Stored items ▸
————
lemma real_liminf_close:
  fixes a :: "nat \<Rightarrow> real"
  assumes "\<And>T. T \<ge> 1 \<Longrightarrow> \<bar>a T - x\<bar> \<le> \<epsilon> + C / real T"
  shows "\<bar>x - real_of_ereal (liminf (\<lambda>T. ereal (a T)))\<bar> \<le> \<epsilon>"
proof -
  have C_over_T: "(\<lambda>T. C / real T) \<longlonglongrightarrow> 0" by (rule lim_const_over_n)
  have "(\<lambda>T. ereal (x - \<epsilon> - C / real T)) \<longlonglongrightarrow> ereal (x - \<epsilon>)"
    "(\<lambda>T. ereal (x + \<epsilon> + C / real T)) \<longlonglongrightarrow> ereal (x + \<epsilon>)"
    unfolding lim_ereal using C_over_T by (auto intro: tendsto_eq_intros)
  moreover have "x - \<epsilon> - C / real T \<le> a T \<and> a T \<le> x + \<epsilon> + C / real T" if "T \<ge> 1" for T
    using assms[OF that] by (auto simp: abs_le_iff)
  then have "eventually (\<lambda>T. ereal (x - \<epsilon> - C / real T) \<le> ereal (a T)) sequentially"
    "eventually (\<lambda>T. ereal (a T) \<le> ereal (x + \<epsilon> + C / real T)) sequentially"
    by (auto intro: eventually_sequentiallyI[of 1])
  ultimately have "ereal (x - \<epsilon>) \<le> liminf (\<lambda>T. ereal (a T))"
    "liminf (\<lambda>T. ereal (a T)) \<le> ereal (x + \<epsilon>)"
    by (metis Liminf_mono lim_imp_Liminf trivial_limit_sequentially)+
  then show ?thesis
    by (cases "liminf (\<lambda>T. ereal (a T))") auto
qed
theorem proposition5p5:
  fixes b \<theta> :: "'v \<Rightarrow> 'v \<Rightarrow> real" and \<mu> :: "'v \<Rightarrow> real" and \<mu>0 :: real
    and x0 :: 'v and q :: "real \<Rightarrow> real" and \<alpha> :: real and W :: "'v \<Rightarrow> real"
    and C1 :: real and N1 :: nat and u :: "'v \<Rightarrow> complex" and lam :: real
  assumes V_countable: "countable (UNIV :: 'v set)"
    and V_infinite: "infinite (UNIV :: 'v set)"
    and graph: "weighted_graph b"
    and conn: "graph_connected b"
    and mu0_pos: "\<mu>0 > 0"
    and mu_ge: "\<forall>x. \<mu> x \<ge> \<mu>0"
    and phase: "phase_function \<theta>"
    and q_pos: "\<forall>s\<ge>0. q s > 0"
    and q_mono: "mono_on {0..} q"
    and alpha: "0 \<le> \<alpha>" "\<alpha> \<le> 1"
    and q_growth: "q \<in> O(\<lambda>s. s powr \<alpha>)"
    and W_lower: "\<forall>x. W x \<ge> - q (real (gdist b x0 x))"
    and C1: "0 < C1" "C1 < 1"
    and N1: "N1 \<ge> 1"
    and beta_le: "\<forall>n\<ge>N1. beta b \<mu>0 x0 n \<le> C1"
    and u_l2: "in_l2 \<mu> u"
    and Hu_l2: "in_l2 \<mu> (\<lambda>x. mag_lap b \<theta> \<mu> (mag_lap b \<theta> \<mu> u) x + complex_of_real (W x) * u x)"
    and eigen: "\<forall>x. mag_lap b \<theta> \<mu> (mag_lap b \<theta> \<mu> u) x + complex_of_real (W x) * u x
                    - complex_of_real lam * \<i> * u x = 0"
  shows "\<exists>C. \<forall>n\<ge>N1.
     l2_norm_sq \<mu> (mag_lap b \<theta> \<mu> (\<lambda>x. complex_of_real (cutoff b x0 n x) * u x))
       \<le> C * (beta b \<mu>0 x0 n * l2_norm_sq \<mu> u
              + Re (l2_inner \<mu>
                      (\<lambda>x. complex_of_real (q (real (gdist b x0 x)) * cutoff b x0 n x) * u x)
                      (\<lambda>x. complex_of_real (cutoff b x0 n x) * u x)))"
proof -
  interpret magnetic_graph b x0 \<theta> \<mu> \<mu>0
    using graph conn mu0_pos mu_ge phase by unfold_locales auto
  have "l2_norm_sq \<mu> (L (\<lambda>x. of_real (cutoff b x0 n x) * u x))
      \<le> 6 * (beta b \<mu>0 x0 n * l2_norm_sq \<mu> u
        + Re (l2_inner \<mu> (\<lambda>x. of_real (q (real (r x)) * cutoff b x0 n x) * u x)
                        (\<lambda>x. of_real (cutoff b x0 n x) * u x)))"
    if n: "N1 \<le> n" for n
    using eigen W_lower q_pos u_l2 n N1 beta_le[rule_format, of "Suc n"] C1
    by (intro cutoff_energy_le weighted_degree_bound_Suc_double_le) (auto simp: less_imp_le)
  then show ?thesis
    by blast
qed
(* Every lens that is both an epimorphism and a monomorphism in $\mathbf{Lens}$ is an isomorphism in $\mathbf{Lens}$.
   Context: A lens $F\colon \mathbf{A}\to\mathbf{B}$ between small categories consists of a functor $F\colon\mathbf{A}\to\mathbf{B}$ (the get functor) together with, for each object $A$ of $\mathbf{A}$, a function $\varphi_{F,A}$ from the set of morphisms of $\mathbf{B}$ with domain $FA$ to the set of morphisms of $\mathbf{A}$ with domain $A$, such that: $F(\varphi_{F,A}b)=b$; $\varphi_{F,A}(\mathrm{id}_{FA})=\mathrm{id}_A$; and $\varphi_{F,A}(b'\circ b)=\varphi_{F,A'}(b')\circ\varphi_{F,A}(b)$ whenever $b$ has domain $FA$, $A'$ is the codomain of $\varphi_{F,A}b$, and $b'$ has domain $FA'$. $\mathbf{Lens}$ is the category of small categories and lenses, with composite of $F\colon\mathbf{A}\to\mathbf{B}$, $G\colon\mathbf{B}\to\mathbf{C}$ having get functor $G\circ F$ and puts $\varphi_{G\circ F,A}(c)=\varphi_{F,A}(\varphi_{G,FA}(c))$. *)

theory Defs
  imports Main
begin

record ('o, 'm) cat =
  cat_obj  :: "'o set"
  cat_mor  :: "'m set"
  cat_dom  :: "'m \<Rightarrow> 'o"
  cat_cod  :: "'m \<Rightarrow> 'o"
  cat_id   :: "'o \<Rightarrow> 'm"
  cat_comp :: "'m \<Rightarrow> 'm \<Rightarrow> 'm"   (* cat_comp C g f = g o f *)
lemma Eocc_ratio_gt_le:
  fixes T T' :: "'s::countable \<Rightarrow> 'a::countable \<Rightarrow> 's pmf"
  assumes "0 \<le> \<gamma>" "\<gamma> < 1"
  shows "Eocc \<gamma> s0 T pol (\<lambda>x. if ratio_gt (occ \<gamma> s0 T pol) muh \<zeta> x then 1 else 0)
     \<le> eps_mu \<gamma> s0 \<zeta> muh T' pol + 2 * TV (occ_pmf \<gamma> s0 T pol) (occ_pmf \<gamma> s0 T' pol)"
proof -
  define \<rho> \<rho>' where "\<rho> = occ_pmf \<gamma> s0 T pol" and "\<rho>' = occ_pmf \<gamma> s0 T' pol"
  define I I' where "I x = (if ratio_gt (pmf \<rho>) muh \<zeta> x then 1 else 0 :: real)"
    and "I' x = (if ratio_gt (pmf \<rho>') muh (\<zeta> / 2) x then 1 else 0 :: real)" for x
  have I_bound: "\<bar>I x\<bar> \<le> 1" and I'_bound: "\<bar>I' x\<bar> \<le> 1" for x
    by (simp_all add: I_def I'_def)
  have I_eq: "(\<lambda>x. if ratio_gt (occ \<gamma> s0 T pol) muh \<zeta> x then 1 else 0) = I"
    and I'_eq: "(\<lambda>x. if ratio_gt (occ \<gamma> s0 T' pol) muh (\<zeta> / 2) x then 1 else 0) = I'"
    by (simp_all add: fun_eq_iff I_def I'_def \<rho>_def \<rho>'_def occ_eq_pmf_occ_pmf[OF assms])
  have "Eocc \<gamma> s0 T pol (\<lambda>x. if ratio_gt (occ \<gamma> s0 T pol) muh \<zeta> x then 1 else 0)
      = measure_pmf.expectation \<rho> I"
    unfolding I_eq \<rho>_def by (rule Eocc_eq_expectation[OF assms I_bound])
  also have "\<dots> \<le> measure_pmf.expectation \<rho>' I + TV \<rho> \<rho>'"
    using abs_expectation_diff_le_TV[where h=I, OF I_bound, of \<rho> \<rho>'] by simp
  also have "measure_pmf.expectation \<rho>' I \<le> measure_pmf.expectation \<rho>' I' + TV \<rho> \<rho>'"
  proof (rule has_sum_mono[OF has_sum_expectation_pmf[OF I_bound]
        has_sum_add[OF has_sum_expectation_pmf[OF I'_bound] has_sum_TV]])
    show "pmf \<rho>' x * I x \<le> pmf \<rho>' x * I' x + \<bar>pmf \<rho> x - pmf \<rho>' x\<bar>" for x
      unfolding I_def I'_def by (rule mult_ratio_gt_le_half) simp
  qed
  also have "measure_pmf.expectation \<rho>' I' = eps_mu \<gamma> s0 \<zeta> muh T' pol"
    unfolding eps_mu_def I'_eq \<rho>'_def by (rule Eocc_eq_expectation[OF assms I'_bound, symmetric])
  finally show ?thesis
    by (simp add: \<rho>_def \<rho>'_def)
qed

lemma abs_fT_diff_le_TV:
  fixes T T' :: "'s::countable \<Rightarrow> 'a \<Rightarrow> 's pmf"
  assumes "\<And>s. \<bar>g s\<bar> \<le> V"
  shows "\<bar>fT T g (s, a) - fT T' g (s, a)\<bar> \<le> V * TV (T s a) (T' s a)"
  unfolding fT_def using assms by (simp add: abs_expectation_diff_le_TV)

lemma abs_fT_diff_le:
  assumes "\<And>s. 0 \<le> g s" and "\<And>s. g s \<le> V"
  shows "\<bar>fT T g x - fT T' g x\<bar> \<le> V"
proof -
  have "0 \<le> fT T'' g x \<and> fT T'' g x \<le> V" for T''
    unfolding fT_def using assms
    by (auto intro!: integral_nonneg measure_pmf.integral_le_const
        integrable_measure_pmf_bounded[where B=V] simp: abs_le_iff)
  from this[of T] this[of T'] show ?thesis
    by linarith
qed

lemma abs_Lpop_le:
  fixes T T' :: "'s::countable \<Rightarrow> 'a::countable \<Rightarrow> 's pmf"
  assumes "0 \<le> \<gamma>" "\<gamma> < 1" and "0 \<le> \<zeta>" and g_nonneg: "\<And>s. 0 \<le> g s" and g_le: "\<And>s. g s \<le> V"
  shows "\<bar>Lpop \<gamma> s0 \<zeta> muh mu T' pol g T\<bar>
     \<le> \<zeta> * V * TV muh (sa_marg mu)
       + V * measure_pmf.expectation (occ_pmf \<gamma> s0 T pol) (\<lambda>(s, a). TV (T s a) (T' s a))"
proof -
  define \<rho> where "\<rho> = occ_pmf \<gamma> s0 T pol"
  define w where "w = wgt \<zeta> (pmf \<rho>) muh"
  define h where "h = (\<lambda>x. w x * (fT T g x - fT T' g x))"
  define tv where "tv = (\<lambda>(s, a). TV (T s a) (T' s a))"
  have V_nonneg: "0 \<le> V"
    using g_nonneg g_le order_trans by blast
  have tv_nonneg: "0 \<le> tv x" and tv_le_2: "tv x \<le> 2" for x
    by (simp_all add: tv_def TV_nonneg TV_le_2 split: prod.split)
  have w_nonneg: "0 \<le> w x" and w_le: "w x \<le> \<zeta>" for x
    unfolding w_def by (simp_all add: wgt_nonneg wgt_le assms(3))
  have h_bound: "\<bar>h x\<bar> \<le> \<zeta> * V" for x
    unfolding h_def abs_mult using w_nonneg[of x] w_le[of x] assms(3)
      abs_fT_diff_le[where g=g and T=T and T'=T' and x=x, OF g_nonneg g_le]
    by (intro mult_mono) auto
  have h_le: "\<bar>h x\<bar> \<le> w x * (V * tv x)" for x
    using w_nonneg[of x] abs_fT_diff_le_TV[of g V T _ _ T'] g_nonneg g_le
    by (cases x) (simp add: h_def tv_def abs_mult mult_left_mono)
  have "\<bar>Lpop \<gamma> s0 \<zeta> muh mu T' pol g T\<bar> = \<bar>measure_pmf.expectation (sa_marg mu) h\<bar>"
    by (simp add: Lpop_def h_def w_def \<rho>_def occ_eq_pmf_occ_pmf[OF assms(1,2)])
  also have "\<dots> \<le> \<bar>measure_pmf.expectation muh h\<bar> + \<zeta> * V * TV muh (sa_marg mu)"
    using abs_expectation_diff_le_TV[where h=h and p=muh and q="sa_marg mu", OF h_bound] by linarith
  also have "\<bar>measure_pmf.expectation muh h\<bar> \<le> measure_pmf.expectation muh (\<lambda>x. \<bar>h x\<bar>)"
    by (rule integral_abs_bound)
  also have "\<dots> \<le> measure_pmf.expectation muh (\<lambda>x. w x * (V * tv x))"
  proof (rule integral_mono[OF _ _ h_le])
    show "integrable (measure_pmf muh) (\<lambda>x. \<bar>h x\<bar>)"
      using h_bound by (intro integrable_measure_pmf_bounded[where B="\<zeta> * V"]) simp
    show "integrable (measure_pmf muh) (\<lambda>x. w x * (V * tv x))"
      using tv_nonneg tv_le_2 w_nonneg w_le V_nonneg assms(3)
      by (intro integrable_measure_pmf_bounded[where B="\<zeta> * (V * 2)"]) (simp add: abs_mult mult_mono)
  qed
  also have "\<dots> \<le> measure_pmf.expectation \<rho> (\<lambda>x. V * tv x)"
    unfolding w_def using assms(3) tv_nonneg tv_le_2 V_nonneg
    by (intro expectation_wgt_mult_le[where B="V * 2"]) (simp_all add: mult_left_mono)
  finally show ?thesis
    by (simp add: \<rho>_def tv_def)
qed

lemma abs_lemp_le:
  fixes T T' :: "'s::countable \<Rightarrow> 'a::countable \<Rightarrow> 's pmf"
  assumes "0 \<le> \<gamma>" "\<gamma> < 1" and "0 \<le> \<zeta>" and "\<And>s. 0 \<le> g s" and "\<And>s. g s \<le> V"
    and "\<bar>Lpop \<gamma> s0 \<zeta> muh mu T' pol g T - lsamp \<gamma> s0 \<zeta> muh D pol g T\<bar> \<le> S"
  shows "\<bar>lemp D (wgt \<zeta> (occ \<gamma> s0 T pol) muh) g T\<bar>
     \<le> S + \<zeta> * V * TV muh (sa_marg mu)
       + V * measure_pmf.expectation (occ_pmf \<gamma> s0 T pol) (\<lambda>(s, a). TV (T s a) (T' s a))"
proof -
  have "\<bar>Lpop \<gamma> s0 \<zeta> muh mu T' pol g T\<bar>
     \<le> \<zeta> * V * TV muh (sa_marg mu)
       + V * measure_pmf.expectation (occ_pmf \<gamma> s0 T pol) (\<lambda>(s, a). TV (T s a) (T' s a))"
    by (rule abs_Lpop_le[OF assms(1-5)])
  with assms(6) show ?thesis
    by (simp add: lsamp_def)
qed
(* For every integer $n \geq 1$, the number $R(n)$ of Riordan paths of length $n$ satisfies $$R(n) = \sum_{k=1}^{\lfloor n/2 \rfloor} f^{(k,k,1^{n-2k})}.$$
   Context: A Motzkin path of length $n$ is a lattice path from $(0,0)$ to $(n,0)$ using steps $U=(1,1)$, $F=(1,0)$, $D=(1,-1)$ that never goes below the $x$-axis. A Riordan path is a Motzkin path with no flat step $F$ on the $x$-axis. $R(n)$ is the number of Riordan paths of length $n$ (the Riordan numbers). $f^\mu$ denotes the number of standard Young tableaux of shape $\mu$, and $(k,k,1^{j})$ is the partition with two parts equal to $k$ followed by $j$ parts equal to $1$. *)

theory Defs
  imports Main
begin

datatype step = U | F | D

fun step_val :: "step \<Rightarrow> int" where
  "step_val U = 1" | "step_val F = 0" | "step_val D = -1"

definition height :: "step list \<Rightarrow> nat \<Rightarrow> int" where
  "height p i = (\<Sum>j<i. step_val (p ! j))"

definition motzkin_path :: "step list \<Rightarrow> bool" where
  "motzkin_path p \<longleftrightarrow> (\<forall>i\<le>length p. height p i \<ge> 0) \<and> height p (length p) = 0"

text \<open>Riordan path: Motzkin path with no flat step on the x-axis
  (a flat step lies on the axis iff it starts at height 0).\<close>
definition riordan_path :: "step list \<Rightarrow> bool" where
  "riordan_path p \<longleftrightarrow> motzkin_path p \<and>
     (\<forall>i<length p. p ! i = F \<longrightarrow> height p i \<noteq> 0)"

definition riordan_num :: "nat \<Rightarrow> nat" where
  "riordan_num n = card {p. length p = n \<and> riordan_path p}"

definition young_diagram :: "nat list \<Rightarrow> (nat \<times> nat) set" where
  "young_diagram mu = {(i, j). i < length mu \<and> j < mu ! i}"

definition syt :: "nat list \<Rightarrow> ((nat \<times> nat) \<Rightarrow> nat) \<Rightarrow> bool" where
  "syt mu T \<longleftrightarrow>
     bij_betw T (young_diagram mu) {1..sum_list mu} \<and>
     (\<forall>c. c \<notin> young_diagram mu \<longrightarrow> T c = 0) \<and>
     (\<forall>i j. (i, Suc j) \<in> young_diagram mu \<longrightarrow> T (i, j) < T (i, Suc j)) \<and>
     (\<forall>i j. (Suc i, j) \<in> young_diagram mu \<longrightarrow> T (i, j) < T (Suc i, j))"

definition num_syt :: "nat list \<Rightarrow> nat" where
  "num_syt mu = card {T. syt mu T}"

end

theory Submission
  imports Defs
begin

(* The largest entry of a standard Young tableau sits at a corner of its shape, and deleting
   it gives the branching rule: f^mu is the sum of f^mu' over the shapes mu' obtained by
   removing one corner. For the shapes (b+h, b, 1^j) this shows that
   S(m, h) = sum over b >= 1 of f^(b+h, b, 1^(m-h-2b)) satisfies
     S(m+1, h) = S(m, h-1) + S(m, h+1) + S(m, h) + [m = h+1]      (S(m, -1) = 0).
   On the path side, let P(m, h) count the paths of length m from height h down to the axis
   that never go below it and have no flat step on it. Splitting off the first step gives
     P(m+1, h) = P(m, h+1) + [h > 0] (P(m, h) + P(m, h-1)),
   and the two recurrences yield P(m, h) = [m = h] + S(m, h) + S(m, h-1) by induction on m.
   Hence R(n) = P(n, 0) = S(n, 0) for n >= 1. *)

lemma young_diagram_iff: "(i, j) \<in> young_diagram mu \<longleftrightarrow> i < length mu \<and> j < mu ! i"
  unfolding young_diagram_def by simp

lemma finite_young_diagram: "finite (young_diagram mu)"
proof (rule finite_subset)
  show "young_diagram mu \<subseteq> {..<length mu} \<times> {..<sum_list mu}"
    using elem_le_sum_list by (fastforce simp: young_diagram_iff)
qed auto

lemma syt_outside: "syt mu T \<Longrightarrow> c \<notin> young_diagram mu \<Longrightarrow> T c = 0"
  unfolding syt_def by blast

lemma finite_syt: "finite {T. syt mu T}"
proof (rule finite_subset)
  show "{T. syt mu T} \<subseteq> {f. \<forall>x. (x \<in> young_diagram mu \<longrightarrow> f x \<in> {1..sum_list mu})
                                  \<and> (x \<notin> young_diagram mu \<longrightarrow> f x = 0)}"
    unfolding syt_def bij_betw_def by auto
qed (rule finite_set_of_finite_funs[OF finite_young_diagram], simp)

lemma syt_le_sum_list:
  assumes "syt mu T"
  shows "T c \<le> sum_list mu"
proof (cases "c \<in> young_diagram mu")
  case True
  then show ?thesis
    using assms unfolding syt_def bij_betw_def by auto
next
  case False
  then show ?thesis
    using syt_outside[OF assms] by simp
qed

lemma syt_max_at_corner:
  assumes "syt mu T" "T (i, j) = sum_list mu"
  shows "(i, Suc j) \<notin> young_diagram mu" "(Suc i, j) \<notin> young_diagram mu"
  using assms syt_le_sum_list[OF assms(1)] unfolding syt_def by (metis leD)+

lemma young_diagram_shorten_row:
  assumes "i < length mu" "0 < mu ! i"
  shows "young_diagram (mu[i := mu ! i - 1]) = young_diagram mu - {(i, mu ! i - 1)}"
  using assms unfolding young_diagram_def by (auto simp: nth_list_update split: if_splits)

lemma sum_list_shorten_row:
  fixes mu :: "nat list"
  assumes "i < length mu" "0 < mu ! i"
  shows "sum_list (mu[i := mu ! i - 1]) = sum_list mu - 1"
proof -
  have "sum_list (mu[i := mu ! i - 1]) + mu ! i = sum_list mu + (mu ! i - 1)"
    using assms(1)
  proof (induction mu arbitrary: i)
    case (Cons a mu)
    then show ?case by (cases i) auto
  qed simp
  then show ?thesis
    using assms(2) by simp
qed

lemma bij_betw_remove_max:
  fixes T :: "'a \<Rightarrow> nat"
  assumes "c \<in> Y" "T c = N" "1 \<le> N"
  shows "bij_betw T Y {1..N} \<longleftrightarrow> bij_betw T (Y - {c}) {1..N - 1}"
proof -
  have "Y = (Y - {c}) \<union> {c}"
    using assms(1) by auto
  moreover have "{1..N} = {1..N - 1} \<union> {T c}" "T c \<notin> {1..N - 1}"
    using assms(3) unfolding assms(2) by auto
  ultimately show ?thesis
    by (metis notIn_Un_bij_betw3 Diff_iff singletonI)
qed

lemma syt_remove_last_cell:
  assumes syt: "syt mu T" and i: "i < length mu" "0 < mu ! i"
    and max: "T (i, mu ! i - 1) = sum_list mu"
  shows "syt (mu[i := mu ! i - 1]) (T((i, mu ! i - 1) := 0))"
proof -
  define c where "c = (i, mu ! i - 1)"
  define Y where "Y = young_diagram mu"
  define T' where "T' = T(c := 0)"
  have Y': "young_diagram (mu[i := mu ! i - 1]) = Y - {c}"
    unfolding Y_def c_def using young_diagram_shorten_row[OF i] .
  have "c \<in> Y" "1 \<le> sum_list mu"
    using i elem_le_sum_list[OF i(1)] unfolding c_def Y_def by (auto simp: young_diagram_iff)
  moreover have "bij_betw T Y {1..sum_list mu}"
    using syt unfolding syt_def Y_def by blast
  ultimately have "bij_betw T (Y - {c}) {1..sum_list mu - 1}"
    using bij_betw_remove_max[of c Y T "sum_list mu"] max unfolding c_def by blast
  then have bij: "bij_betw T' (Y - {c}) {1..sum_list mu - 1}"
    unfolding T'_def by (rule bij_betw_cong[THEN iffD1, rotated]) simp
  have out: "T' d = 0" if "d \<notin> Y - {c}" for d
    using syt_outside[OF syt, of d] that unfolding T'_def Y_def by auto
  have mono: "T' d < T' d'" if "T d < T d'" "d' \<in> Y - {c}" for d d'
    using that unfolding T'_def by auto
  have "syt (mu[i := mu ! i - 1]) T'"
    unfolding syt_def Y' sum_list_shorten_row[OF i]
  proof (intro conjI allI impI bij out)
    fix a b
    show "T' (a, b) < T' (a, Suc b)" if "(a, Suc b) \<in> Y - {c}"
      using that syt mono unfolding syt_def Y_def by blast
    show "T' (a, b) < T' (Suc a, b)" if "(Suc a, b) \<in> Y - {c}"
      using that syt mono unfolding syt_def Y_def by blast
  qed
  then show ?thesis
    unfolding T'_def c_def .
qed

lemma syt_add_corner:
  assumes syt: "syt (mu[i := mu ! i - 1]) T" and i: "i < length mu" "0 < mu ! i"
    and corner: "(Suc i, mu ! i - 1) \<notin> young_diagram mu"
  shows "syt mu (T((i, mu ! i - 1) := sum_list mu))"
proof -
  define c where "c = (i, mu ! i - 1)"
  define Y where "Y = young_diagram mu"
  define N where "N = sum_list mu"
  define T' where "T' = T(c := N)"
  have Y': "young_diagram (mu[i := mu ! i - 1]) = Y - {c}"
    unfolding Y_def c_def using young_diagram_shorten_row[OF i] .
  have N': "sum_list (mu[i := mu ! i - 1]) = N - 1"
    unfolding N_def using sum_list_shorten_row[OF i] .
  have "c \<in> Y" "1 \<le> N"
    using i elem_le_sum_list[OF i(1)] unfolding c_def Y_def N_def by (auto simp: young_diagram_iff)
  have "bij_betw T (Y - {c}) {1..N - 1}"
    using syt unfolding syt_def Y' N' by blast
  then have "bij_betw T' (Y - {c}) {1..N - 1}"
    unfolding T'_def by (rule bij_betw_cong[THEN iffD1, rotated]) simp
  then have bij: "bij_betw T' Y {1..N}"
    using bij_betw_remove_max[of c Y T' N] \<open>c \<in> Y\<close> \<open>1 \<le> N\<close> unfolding T'_def by simp
  have below_max: "T d < N" for d
    using syt_le_sum_list[OF syt, of d] \<open>1 \<le> N\<close> unfolding N' by simp
  have out: "T' d = 0" if "d \<notin> Y" for d
    using syt_outside[OF syt, of d] that \<open>c \<in> Y\<close> unfolding T'_def Y' by auto
  have less: "T' d < T' d'" if "d \<noteq> c" "d' = c \<or> T d < T d'" for d d'
    using that below_max[of d] unfolding T'_def by auto
  have "syt mu T'"
    unfolding syt_def Y_def[symmetric] N_def[symmetric]
  proof (intro conjI allI impI bij out)
    fix a b
    show "T' (a, b) < T' (a, Suc b)" if "(a, Suc b) \<in> Y"
    proof (rule less)
      show "(a, b) \<noteq> c"
        using that unfolding Y_def c_def by (auto simp: young_diagram_iff)
      show "(a, Suc b) = c \<or> T (a, b) < T (a, Suc b)"
        using syt that unfolding syt_def Y' by blast
    qed
    show "T' (a, b) < T' (Suc a, b)" if "(Suc a, b) \<in> Y"
    proof (rule less)
      show "(a, b) \<noteq> c"
        using that corner unfolding Y_def c_def by (auto simp: young_diagram_iff)
      show "(Suc a, b) = c \<or> T (a, b) < T (Suc a, b)"
        using syt that unfolding syt_def Y' by blast
    qed
  qed
  then show ?thesis
    unfolding T'_def c_def N_def .
qed

lemma card_syt_max_at_corner:
  assumes i: "i < length mu" "0 < mu ! i" and corner: "(Suc i, mu ! i - 1) \<notin> young_diagram mu"
  shows "card {T. syt mu T \<and> T (i, mu ! i - 1) = sum_list mu} = num_syt (mu[i := mu ! i - 1])"
proof -
  define c where "c = (i, mu ! i - 1)"
  have c_out: "c \<notin> young_diagram (mu[i := mu ! i - 1])"
    using young_diagram_shorten_row[OF i] unfolding c_def by simp
  have "bij_betw (\<lambda>T. T(c := sum_list mu)) {T. syt (mu[i := mu ! i - 1]) T}
               {T. syt mu T \<and> T c = sum_list mu}"
  proof (rule bij_betw_byWitness[where f' = "\<lambda>T. T(c := 0)"])
    show "\<forall>T\<in>{T. syt (mu[i := mu ! i - 1]) T}. T(c := sum_list mu, c := 0) = T"
      using syt_outside[OF _ c_out] by fastforce
    show "\<forall>T\<in>{T. syt mu T \<and> T c = sum_list mu}. T(c := 0, c := sum_list mu) = T"
      by auto
    show "(\<lambda>T. T(c := sum_list mu)) ` {T. syt (mu[i := mu ! i - 1]) T}
            \<subseteq> {T. syt mu T \<and> T c = sum_list mu}"
      using syt_add_corner[OF _ i corner] unfolding c_def by (intro image_subsetI) simp
    show "(\<lambda>T. T(c := 0)) ` {T. syt mu T \<and> T c = sum_list mu} \<subseteq> {T. syt (mu[i := mu ! i - 1]) T}"
      using syt_remove_last_cell[OF _ i] unfolding c_def by (intro image_subsetI) simp
  qed
  then have "card {T. syt (mu[i := mu ! i - 1]) T} = card {T. syt mu T \<and> T c = sum_list mu}"
    by (rule bij_betw_same_card)
  then show ?thesis
    unfolding num_syt_def c_def by (rule sym)
qed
————
What to work on ▸
Your answer should be the lines above, from the line containing "using w_nonneg[of x] abs_fT_diff_le_TV[of" up to and including the line containing "by (simp add: Lpop_def", reproduced exactly and with nothing else.

Your solution ▸
    using w_nonneg[of x] abs_fT_diff_le_TV[of g V T _ _ T'] g_nonneg g_le
    by (cases x) (simp add: h_def tv_def abs_mult mult_left_mono)
  have "\<bar>Lpop \<gamma> s0 \<zeta> muh mu T' pol g T\<bar> = \<bar>measure_pmf.expectation (sa_marg mu) h\<bar>"
    by (simp add: Lpop_def h_def w_def \<rho>_def occ_eq_pmf_occ_pmf[OF assms(1,2)])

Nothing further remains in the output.